— Это ты, сын? Горе-то какое… А еще говорят, что женщины живут дольше мужчин!
Он притянул голову сына к себе.
К Петру Ипатьевичу подошел молодой мужчина и доложил о покупке гроба. До ушей Беловежского донеслось: «Обтянут шелком… Покрывало с кружевами…»
— Зачем шелк, кружева? — резко проговорил отец. — Кому это нужно? Покойница была скромной женщиной…
У Романа Петровича заныло сердце. Слово «покойница», произнесенное отцом по отношению к матери, покоробило его.
Похороны, поминки слились для Романа Петровича в одно сплошное мучительное действие. Все это время он пытался восстановить в памяти картины детства и отрочества, представить мать молодой, в расцвете сил, красоты, и телесной, и душевной.
…Мама сидела на широкой выскобленной добела лавке под солнцем и накалывала вилочкой вишню для варенья. Солнце припекало. Она была в белом сарафане, отделанном кружевами. Ей было жарко. Выпятив нижнюю яркую и свежую, как вишня, губу, она дула вверх, чтобы сбросить со лба пушистую челку. Вишни из маминой руки падали в эмалированную миску.
Вишневый сок стекал по тонким маминым пальцам.
Потом Беловежский со стеснением в груди вспомнил другую картину. Мать, невысокая, хрупкая, фигурой похожая на девочку-подростка, дрожа — от холода или от только что пережитого ужаса? — стоит посреди комнаты, закрыв лицо руками, а с них стекают тонкие струйки крови.
Она работала учительницей в школе рабочей молодежи тракторного завода. Уроки начинались и кончались поздно. Хулиганы встретили ее на Всполье, огромном темном пустыре, когда она возвращалась домой. Сняли шубейку, сорвали с шеи пуховый платок.
Угрожали бритвой порезать лицо. Мать закрыла его руками, бандит чиркнул по пальцам.
Прибежала домой. У нее началась истерика.
А на другой день кто-то подкинул в сени поношенное материно пальтецо с каракулевым воротничком. Из кармана торчал пуховый платок.
Слух, что ограбили и поранили учительницу, быстро облетел завод. Мать знали и любили — за кроткий нрав, за всегдашнюю готовность помочь ближнему и дальнему. Говорили, что это ее ученики отыскали участников ночного нападения и отняли у них добычу. После этого события еще долгое время учительница возвращалась домой в сопровождении почетного эскорта своих учеников.
Мама была необыкновенной. Понимал ли он это, пока она была жива? Ей не было нужды раздумывать, как поступить в той или иной сложной жизненной ситуации. Она просто физически не могла совершить ложного шага, неправедного поступка. Потому что была нравственна изначально, по самой своей природе и сути.

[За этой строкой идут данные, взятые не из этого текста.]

lemma bounded_hypo_concave:
  assumes "concave_on {p..q} h" "\<forall>x\<in>{p..q}. h x > 0"
  shows "bounded (hypo h p q)"
proof -
  have "hypo h p q \<subseteq> cbox (p, 0) (q, 2 * h ((p + q) / 2))"
    using concave_pos_le_twice_midpoint[OF assms]
    by (fastforce simp: hypo_def cbox_Pair_iff intro: order.trans)
  then show ?thesis using bounded_cbox bounded_subset by blast
qed

lemma minksum_hypo_concave_lmeasurable:
  assumes "concave_on {a..b} f" "\<forall>x\<in>{a..b}. f x > 0"
    and "concave_on {c..d} g" "\<forall>x\<in>{c..d}. g x > 0"
  shows "minksum (hypo f a b) (hypo g c d) \<in> lmeasurable"
proof -
  have eq: "minksum (hypo f a b) (hypo g c d) = (\<Union>x\<in>hypo f a b. \<Union>y\<in>hypo g c d. {x + y})"
    unfolding minksum_def by blast
  show ?thesis unfolding eq
    by (intro measurable_convex convex_sums bounded_sums convex_hypo bounded_hypo_concave assms)
qed

lemma hypo_sets_borel:
  assumes [measurable]: "(\<lambda>x. indicator {p..q} x * h x) \<in> borel_measurable borel"
  shows "hypo h p q \<in> sets (borel :: (real \<times> real) measure)"
proof -
  let ?H = "\<lambda>x. indicator {p..q} x * h x"
  have "hypo h p q
        = {z \<in> space (borel \<Otimes>\<^sub>M borel). fst z \<in> {p..q} \<and> 0 \<le> snd z \<and> snd z \<le> ?H (fst z)}"
    by (auto simp: hypo_def space_pair_measure)
  also have "\<dots> \<in> sets (borel \<Otimes>\<^sub>M borel)" by measurable
  finally show ?thesis by (subst (asm) borel_prod)
qed

lemma emeasure_hypo_eq_nn_integral:
  assumes meas: "(\<lambda>x. indicator {p..q} x * h x) \<in> borel_measurable borel"
    and nonneg: "\<And>x. x \<in> {p..q} \<Longrightarrow> 0 \<le> h x"
  shows "emeasure lborel (hypo h p q) = (\<integral>\<^sup>+x. ennreal (indicator {p..q} x * h x) \<partial>lborel)"
proof -
  have "emeasure (lborel \<Otimes>\<^sub>M lborel) (hypo h p q)
        = (\<integral>\<^sup>+x. emeasure lborel (Pair x -` hypo h p q) \<partial>lborel)"
    by (rule lborel.emeasure_pair_measure_alt) (unfold lborel_prod, use hypo_sets_borel[OF meas] in simp)
  also have "\<dots> = (\<integral>\<^sup>+x. ennreal (indicator {p..q} x * h x) \<partial>lborel)"
  proof (rule nn_integral_cong)
    fix x :: real
    have "Pair x -` hypo h p q = (if x \<in> {p..q} then {0..h x} else {})"
      by (auto simp: hypo_def)
    then show "emeasure lborel (Pair x -` hypo h p q) = ennreal (indicator {p..q} x * h x)"
      using nonneg by (simp add: indicator_def)
  qed
  finally show ?thesis by (simp add: lborel_prod)
qed

lemma has_integral_area_hypo:
  fixes h :: "real \<Rightarrow> real"
  assumes meas [measurable]: "(\<lambda>x. indicator {p..q} x * h x) \<in> borel_measurable borel"
    and bnd: "\<And>x. x \<in> {p..q} \<Longrightarrow> 0 \<le> h x \<and> h x \<le> C"
  shows "(h has_integral area (hypo h p q)) {p..q}"
proof -
  let ?H = "\<lambda>x. indicator {p..q} x * h x"
  have "integrable lborel ?H"
  proof (rule Bochner_Integration.integrable_bound)
    show "integrable lborel (\<lambda>x. C * indicator {p..q} x :: real)"
      by (intro integrable_mult_right integrable_real_indicator) (auto simp: emeasure_lborel_Icc_eq)
    show "AE x in lborel. norm (?H x) \<le> norm (C * indicator {p..q} x :: real)"
      using bnd by (fastforce simp: indicator_def)
  qed simp
  moreover have "0 \<le> integral\<^sup>L lborel ?H"
    by (rule integral_nonneg_AE) (use bnd in \<open>auto simp: indicator_def\<close>)
  moreover have "emeasure lborel (hypo h p q) = ennreal (integral\<^sup>L lborel ?H)"
    using emeasure_hypo_eq_nn_integral[OF meas] bnd \<open>integrable lborel ?H\<close>
    by (simp add: nn_integral_eq_integral indicator_def)
  ultimately have "area (hypo h p q) = integral\<^sup>L lborel ?H"
    "(?H has_integral integral\<^sup>L lborel ?H) UNIV"
    using hypo_sets_borel[OF meas]
    by (auto simp: area_def measure_def intro: has_integral_integral_lborel)
  moreover have "?H = (\<lambda>x. if x \<in> {p..q} then h x else 0)"
    by (auto simp: indicator_def fun_eq_iff)
  ultimately show ?thesis using has_integral_restrict_UNIV[of "{p..q}" h] by metis
qed

lemma has_integral_area_hypo_concave:
  assumes "p < q" "concave_on {p..q} h" "\<forall>x\<in>{p..q}. h x > 0"
  shows "(h has_integral area (hypo h p q)) {p..q}"
  using concave_pos_le_twice_midpoint[OF assms(2,3)] assms(3)
  by (intro has_integral_area_hypo[OF borel_measurable_indicator_mult_concave[OF assms(1,2)]])
     (auto intro: less_imp_le)

text \<open>Split the height \<open>y \<le> f (\<phi> z) + g (\<psi> z)\<close> as \<open>min y (f (\<phi> z))\<close> plus the rest.\<close>

lemma hypo_sum_subset_minksum:
  assumes "\<forall>x\<in>{a..b}. 0 \<le> f x" "\<forall>x\<in>{c..d}. 0 \<le> g x"
    and "\<And>z. z \<in> {p..q} \<Longrightarrow> \<phi> z \<in> {a..b} \<and> \<psi> z \<in> {c..d} \<and> \<phi> z + \<psi> z = z"
  shows "hypo (\<lambda>z. f (\<phi> z) + g (\<psi> z)) p q \<subseteq> minksum (hypo f a b) (hypo g c d)"
proof
  fix w assume "w \<in> hypo (\<lambda>z. f (\<phi> z) + g (\<psi> z)) p q"
  then obtain z y where w: "w = (z, y)" "z \<in> {p..q}" "0 \<le> y" "y \<le> f (\<phi> z) + g (\<psi> z)"
    by (auto simp: hypo_def)
  define y1 where "y1 = min y (f (\<phi> z))"
  have "0 \<le> f (\<phi> z)" "0 \<le> g (\<psi> z)" using assms w(2) by auto
  then have "(\<phi> z, y1) \<in> hypo f a b" "(\<psi> z, y - y1) \<in> hypo g c d"
    using assms(3)[OF w(2)] w by (auto simp: hypo_def y1_def min_def)
  moreover have "w = (\<phi> z, y1) + (\<psi> z, y - y1)"
    using assms(3)[OF w(2)] w(1) by simp
  ultimately show "w \<in> minksum (hypo f a b) (hypo g c d)"
    unfolding minksum_def by blast
qed

lemma area_minksum_hypo_ge_reparam:
  assumes "a < b" "c < d"
    and cf: "concave_on {a..b} f" and pf: "\<forall>x\<in>{a..b}. f x > 0"
    and cg: "concave_on {c..d} g" and pg: "\<forall>x\<in>{c..d}. g x > 0"
    and \<beta>: "\<beta> > 0" and \<gamma>: "\<gamma> > 0"
    and qb: "(b + d - (a + c)) * \<beta> = b - a" and qd: "(b + d - (a + c)) * \<gamma> = d - c"
  shows "area (hypo f a b) / \<beta> + area (hypo g c d) / \<gamma> \<le> area (minksum (hypo f a b) (hypo g c d))"
proof -
  define p where "p = a + c"
  define q where "q = b + d"
  define h where "h z = f (a + (z - p) * \<beta>) + g (c + (z - p) * \<gamma>)" for z
  have pq: "p < q" using assms(1,2) by (simp add: p_def q_def)
  have ends: "a + (q - p) * \<beta> = b" "c + (q - p) * \<gamma> = d" "p + (b - a) / \<beta> = q" "p + (d - c) / \<gamma> = q"
    using qb qd \<beta> \<gamma> by (auto simp: p_def q_def field_simps)
  have "(q - p) * (\<beta> + \<gamma>) = (q - p) * 1"
    using qb qd by (simp add: p_def q_def distrib_left)
  then have "\<beta> + \<gamma> = 1" using pq by simp
  then have "(z - p) * \<beta> + (z - p) * \<gamma> = z - p" for z
    by (metis distrib_left mult.right_neutral)
  then have range: "a + (z - p) * \<beta> \<in> {a..b} \<and> c + (z - p) * \<gamma> \<in> {c..d}
               \<and> (a + (z - p) * \<beta>) + (c + (z - p) * \<gamma>) = z" if "z \<in> {p..q}" for z
    using affine_reparam_mem[OF less_imp_le[OF \<beta>] eq_refl[OF ends(1)] that]
      affine_reparam_mem[OF less_imp_le[OF \<gamma>] eq_refl[OF ends(2)] that]
    unfolding p_def by (smt (verit))
  have ch: "concave_on {p..q} h"
    unfolding h_def using ends
    by (intro concave_on_add concave_on_affine_reparam[OF cf \<beta>] concave_on_affine_reparam[OF cg \<gamma>]) auto
  have ph: "\<forall>z\<in>{p..q}. h z > 0"
    using range pf pg by (auto simp: h_def intro!: add_pos_pos)
  have "(h has_integral area (hypo f a b) / \<beta> + area (hypo g c d) / \<gamma>) {p..q}"
    unfolding h_def
    using has_integral_affine_reparam[OF has_integral_area_hypo_concave[OF assms(1) cf pf] \<beta>, of p]
      has_integral_affine_reparam[OF has_integral_area_hypo_concave[OF assms(2) cg pg] \<gamma>, of p]
    by (intro has_integral_add) (simp_all only: ends)
  then have "area (hypo f a b) / \<beta> + area (hypo g c d) / \<gamma> = area (hypo h p q)"
    using has_integral_unique[OF has_integral_area_hypo_concave[OF pq ch ph]] by simp
  also have "\<dots> \<le> area (minksum (hypo f a b) (hypo g c d))"
    unfolding area_def
  proof (rule measure_mono_fmeasurable)
    show "hypo h p q \<subseteq> minksum (hypo f a b) (hypo g c d)"
      unfolding h_def using pf pg range
      by (intro hypo_sum_subset_minksum) (auto intro: less_imp_le)
    show "hypo h p q \<in> sets lebesgue"
      using hypo_sets_borel[OF borel_measurable_indicator_mult_concave[OF pq ch]] by simp
    show "minksum (hypo f a b) (hypo g c d) \<in> lmeasurable"
      by (rule minksum_hypo_concave_lmeasurable[OF cf pf cg pg])
  qed
  finally show ?thesis .
qed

Он пытался сохранить в себе благоговейное чувство к матери во время похорон, но не получалось. Мешали грубые в своей осязаемости и в то же время нереальные детали похорон и поминок: ощущение больно врезавшегося в шею края гроба — неожиданно тяжелого, хотя лежавшая в нем выглядела бестелесно-хрупкой, усохшей; фальшивый сбой трубы в оркестре из трех человек, стук молотка о плохо поддававшийся под ударами гвоздь; слишком шумное, если не сказать — веселое, поведение приглашенных за поминальным столом; слезливая и бестактная жалоба отца, зажавшего в сухой и крепкой руке рюмку с водкой: «А кто же обо мне будет заботиться?»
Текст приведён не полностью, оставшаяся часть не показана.